Velocity doesn't just affect loudness; it can also affect the character of a note. Some Software Instruments sound quite different depending on how loudly or softly they are played.

Editing Note Duration

Sometimes a note is held down too long or not long enough. This is called the note's duration. You can alter a particular note's duration by clicking and dragging the tail end of the note forward or backward in the Edit grid. If Snap To Grid is enabled in the Control menu, the note's duration snaps to the grid value as set in the Grid menu or by the Zoom slider.

Duplicating and Adding Notes

Not only can you fix mistakes in the editor, but you can also get creative. If you want to duplicate a note and then drag it to another pitch or place in the timeline, just select the note you wish to duplicate and drag it to another location while holding down the Option key. If you want to add a note to the region, press Command and you'll see the cursor change to a pencil shape. Place the cursor over the point in the grid where you want the note to appear and then click to place the note.


You can select a group of notes to edit by Shift-clicking them or by dragging around the group of notes. You can then perform any of the previously mentioned editing functions to the group of notes, as well as the standard Mac edit functions of cut, copy, paste, and delete.
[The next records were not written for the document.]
lemma uniform_cols_iff_single_basis_per_class:
  assumes "\<And>k. card {i. lab (g i) = k} \<ge> 1"
  shows "(\<forall>j. \<forall>i\<in>class_basis j. normalize_cols W $ i $ j = 1 / card (class_basis j))
     \<longleftrightarrow> (\<forall>k. card {i. lab (g i) = k} = 1)"
proof
  assume uniform: "\<forall>j. \<forall>i\<in>class_basis j. normalize_cols W $ i $ j = 1 / card (class_basis j)"
  have rows_eq: "normalize_cols W $ i = normalize_cols W $ i'" if "lab (g i) = lab (g i')" for i i'
    unfolding vec_eq_iff
  proof
    fix j
    show "normalize_cols W $ i $ j = normalize_cols W $ i' $ j"
      using uniform that by (cases "lab (g i) = lab j") (auto simp: class_basis_def normalize_cols_W_eq_0)
  qed
  show "\<forall>k. card {i. lab (g i) = k} = 1"
  proof
    fix k
    have "i = i'" if "lab (g i) = k" "lab (g i') = k" for i i'
      using injD[OF inj_rows_of_full_row_rank[OF full_row_rank] rows_eq] that by simp
    then have "card {i. lab (g i) = k} \<le> Suc 0"
      by (simp add: card_le_Suc0_iff_eq)
    then show "card {i. lab (g i) = k} = 1" using assms[of k] by simp
  qed
next
  assume single: "\<forall>k. card {i. lab (g i) = k} = 1"
  show "\<forall>j. \<forall>i\<in>class_basis j. normalize_cols W $ i $ j = 1 / card (class_basis j)"
  proof (intro allI ballI)
    fix j i assume "i \<in> class_basis j"
    moreover have "card (class_basis j) = 1" using single by (simp add: class_basis_def)
    ultimately have "class_basis j = {i}" by (metis card_1_singletonE singletonD)
    then show "normalize_cols W $ i $ j = 1 / card (class_basis j)"
      using col_sum_class_basis[of j] by simp
  qed
qed

lemma spectral_risk_eq_lower_iff:
  assumes "\<And>k. card {i. lab (g i) = k} \<ge> 1"
  shows "spectral_risk (indicator_matrix lab) (normalize_cols W)
       = CARD('r) / CARD('n) * (\<Sum>k\<in>UNIV. real (card {j. lab j = k}) / real (card {i. lab (g i) = k}))
     \<longleftrightarrow> (\<forall>k. card {i. lab (g i) = k} = 1)"
proof -
  let ?c = "\<lambda>j. \<Sum>i\<in>UNIV. (normalize_cols W $ i $ j)\<^sup>2"
  let ?b = "\<lambda>j. 1 / real (card (class_basis j))"
  have "spectral_risk (indicator_matrix lab) (normalize_cols W)
       = CARD('r) / CARD('n) * (\<Sum>k\<in>UNIV. real (card {j. lab j = k}) / real (card {i. lab (g i) = k}))
     \<longleftrightarrow> (\<Sum>j\<in>UNIV. ?c j - ?b j) = 0"
    by (simp add: spectral_risk_eq sum_subtractf sum_inverse_card_class_basis[symmetric])
  also have "\<dots> \<longleftrightarrow> (\<forall>j. ?c j = ?b j)"
    using inverse_card_class_basis_le_col_norm2 by (simp add: sum_nonneg_eq_0_iff)
  also have "\<dots> \<longleftrightarrow> (\<forall>j. \<forall>i\<in>class_basis j. normalize_cols W $ i $ j = ?b j)"
    by (simp add: col_norm2_eq_inverse_card_class_basis_iff)
  also have "\<dots> \<longleftrightarrow> (\<forall>k. card {i. lab (g i) = k} = 1)"
    by (rule uniform_cols_iff_single_basis_per_class[OF assms])
  finally show ?thesis .
qed
definition inversions :: "nat \<Rightarrow> (nat \<Rightarrow> nat) \<Rightarrow> (nat \<times> nat) set" where
  "inversions N x = {(a, b). 1 \<le> a \<and> a < b \<and> b \<le> N \<and> x b < x a}"

definition inv_count :: "nat \<Rightarrow> (nat \<Rightarrow> nat) \<Rightarrow> nat" where
  "inv_count N x = card (inversions N x)"

lemma finite_inversions: "finite (inversions N x)"
  by (rule finite_subset[of _ "{1..N} \<times> {1..N}"]) (auto simp: inversions_def)

lemma inv_count_id [simp]: "inv_count N id = 0"
proof -
  have "inversions N id = {}"
    by (auto simp: inversions_def)
  then show ?thesis by (simp add: inv_count_def)
qed

text \<open>Right multiplication by s_i permutes the inversions other than (i, i+1).\<close>

lemma card_inversions_comp_st:
  assumes "1 \<le> i" "i < N"
  shows "card (inversions N (x \<circ> st i) - {(i, Suc i)}) = card (inversions N x - {(i, Suc i)})"
proof -
  let ?t = "\<lambda>(a, b). (st i a, st i b)"
  have "inversions N (x \<circ> st i) - {(i, Suc i)} = ?t ` (inversions N x - {(i, Suc i)})"
  proof (intro equalityI subsetI)
    fix z assume z: "z \<in> inversions N (x \<circ> st i) - {(i, Suc i)}"
    obtain a b where ab: "z = (a, b)" by (cases z)
    have "(st i a, st i b) \<in> inversions N x - {(i, Suc i)}"
      using z assms unfolding ab inversions_def st_def by (auto simp: transpose_def split: if_splits)
    moreover have "z = ?t (st i a, st i b)"
      using ab by (simp add: st_def)
    ultimately show "z \<in> ?t ` (inversions N x - {(i, Suc i)})" by blast
  next
    fix z assume "z \<in> ?t ` (inversions N x - {(i, Suc i)})"
    then show "z \<in> inversions N (x \<circ> st i) - {(i, Suc i)}"
      using assms unfolding inversions_def st_def by (auto simp: transpose_def split: if_splits)
  qed
  moreover have "inj_on ?t (inversions N x - {(i, Suc i)})"
    by (rule inj_onI) (auto simp: st_def dest: transpose_eq_imp_eq)
  ultimately show ?thesis by (simp add: card_image)
qed

lemma inv_count_comp_st_ascent:
  assumes "1 \<le> i" "i < N" "x i < x (Suc i)"
  shows "inv_count N (x \<circ> st i) = Suc (inv_count N x)"
proof -
  have "(i, Suc i) \<in> inversions N (x \<circ> st i)" "(i, Suc i) \<notin> inversions N x"
    using assms by (simp_all add: inversions_def st_def)
  with card_inversions_comp_st[OF assms(1,2), of x] finite_inversions show ?thesis
    unfolding inv_count_def by (metis card_Suc_Diff1 Diff_empty Diff_insert0)
qed

lemma inv_count_comp_st_descent:
  assumes "1 \<le> i" "i < N" "x (Suc i) < x i"
  shows "Suc (inv_count N (x \<circ> st i)) = inv_count N x"
proof -
  have "(x \<circ> st i) \<circ> st i = x"
    by (simp add: comp_assoc st_def)
  moreover have "(x \<circ> st i) i < (x \<circ> st i) (Suc i)"
    using assms by (simp add: st_def)
  ultimately show ?thesis
    using inv_count_comp_st_ascent[OF assms(1,2), of "x \<circ> st i"] by simp
qed

lemma inv_count_word_perm_le: "is_word N w \<Longrightarrow> inv_count N (word_perm w) \<le> length w"
proof (induction w rule: rev_induct)
  case (snoc i w)
  then have w: "is_word N w" and i: "1 \<le> i" "i < N" by auto
  consider "word_perm w i < word_perm w (Suc i)" | "word_perm w (Suc i) < word_perm w i"
    using permutes_neq_Suc[OF word_perm_permutes[OF w] i] by linarith
  then show ?case
  proof cases
    case 1
    then show ?thesis using inv_count_comp_st_ascent[OF i 1] snoc.IH[OF w]
      unfolding word_perm_snoc length_append_singleton by linarith
  next
    case 2
    then show ?thesis using inv_count_comp_st_descent[OF i 2] snoc.IH[OF w]
      unfolding word_perm_snoc length_append_singleton by linarith
  qed
qed simp

lemma permutes_without_descents_id:
  assumes x: "x permutes {1..N}" and asc: "\<And>i. 1 \<le> i \<Longrightarrow> i < N \<Longrightarrow> x i < x (Suc i)"
  shows "x = id"
proof -
  have range: "1 \<le> x j \<and> x j \<le> N" if "1 \<le> j" "j \<le> N" for j
    using permutes_in_image[OF x] that by auto
  have fixed: "x j = j" if "j \<notin> {1..N}" for j
    by (rule permutes_not_in[OF x that])
  have lower: "j \<le> x j" if "1 \<le> j" for j
    using that
  proof (induction j rule: dec_induct)
    case base
    show ?case using range[of 1] fixed[of 1] by (cases "1 \<le> N") auto
  next
    case (step n)
    then show ?case using asc[of n] fixed[of "Suc n"] by (cases "Suc n \<le> N") auto
  qed
  have upper: "x j \<le> j" if "j \<le> N" for j
    using that
  proof (induction j rule: inc_induct)
    case base
    show ?case using range[of N] fixed[of N] by (cases "1 \<le> N") auto
  next
    case (step n)
    then show ?case using asc[of n] fixed[of n] by (cases "1 \<le> n") auto
  qed
  show ?thesis
  proof
    fix j
    show "x j = id j"
      using lower[of j] upper[of j] fixed[of j] by (cases "j \<in> {1..N}") auto
  qed
qed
Editing Modulation, Pitch Bend, and Sustain

Modulation, pitch bend, and sustain are ways to add musical expression to notes beyond pitch, loudness, and duration. These are known in the MIDI world as continuous controllers. Your MIDI keyboard probably has a pitch bend and a modulation wheel as well as a jack for a sustain pedal. You might use the pitch bend wheel to "bend" a note in a sax solo, the modulation wheel to add vibrato to a cello, or the sustain pedal to extend the sound of a piano note.

If you recorded your performance and used these controllers, you have the ability to edit them in the Edit window. Click the Display pop-up menu to select either Pitch Bend, Modulation, or Sustain:

  • Pitch bend—Can alter the pitch of a note or series of notes up or down two semitones for most Software Instruments. These are expressed in GarageBand's editor as grid values between –64 and +64.

  • Modulation—Usually controls the vibrato or rapid cyclic volume modulation of a note or notes of a Software Instrument. These are expressed in GarageBand's editor as grid values between 0 and 127, depending on the depth of modulation.

  • Sustain—An on or off value, it is expressed in GarageBand's editor as grid values between 0 and 1, with 1 meaning that sustain is on.

You can experiment with altering these values in a previously recorded performance or edit the values in the Track Editor if you used these controllers while recording a Software Instrument.

If the controller was used, the controller's movements appear as lines connected by dots, called control points. These are similar to a volume curve in the timeline, which we explored in the "Adjusting Track Volume" section of Chapter 2 (see Figure 3.10).

Figure 3.10Figure 3.10 A modulation curve that looks strangely like my stock portfolio's value.

You can move the control points on the grid to change their values or click the line to add a control point. You can also use Command-click to draw control points from scratch. Select a control and press Delete to delete a control point.


Using continuous controllers adds a huge amount of data to the MIDI stream, which may negatively affect GarageBand's performance. Use continuous controllers judiciously and use the editor to thin the control points.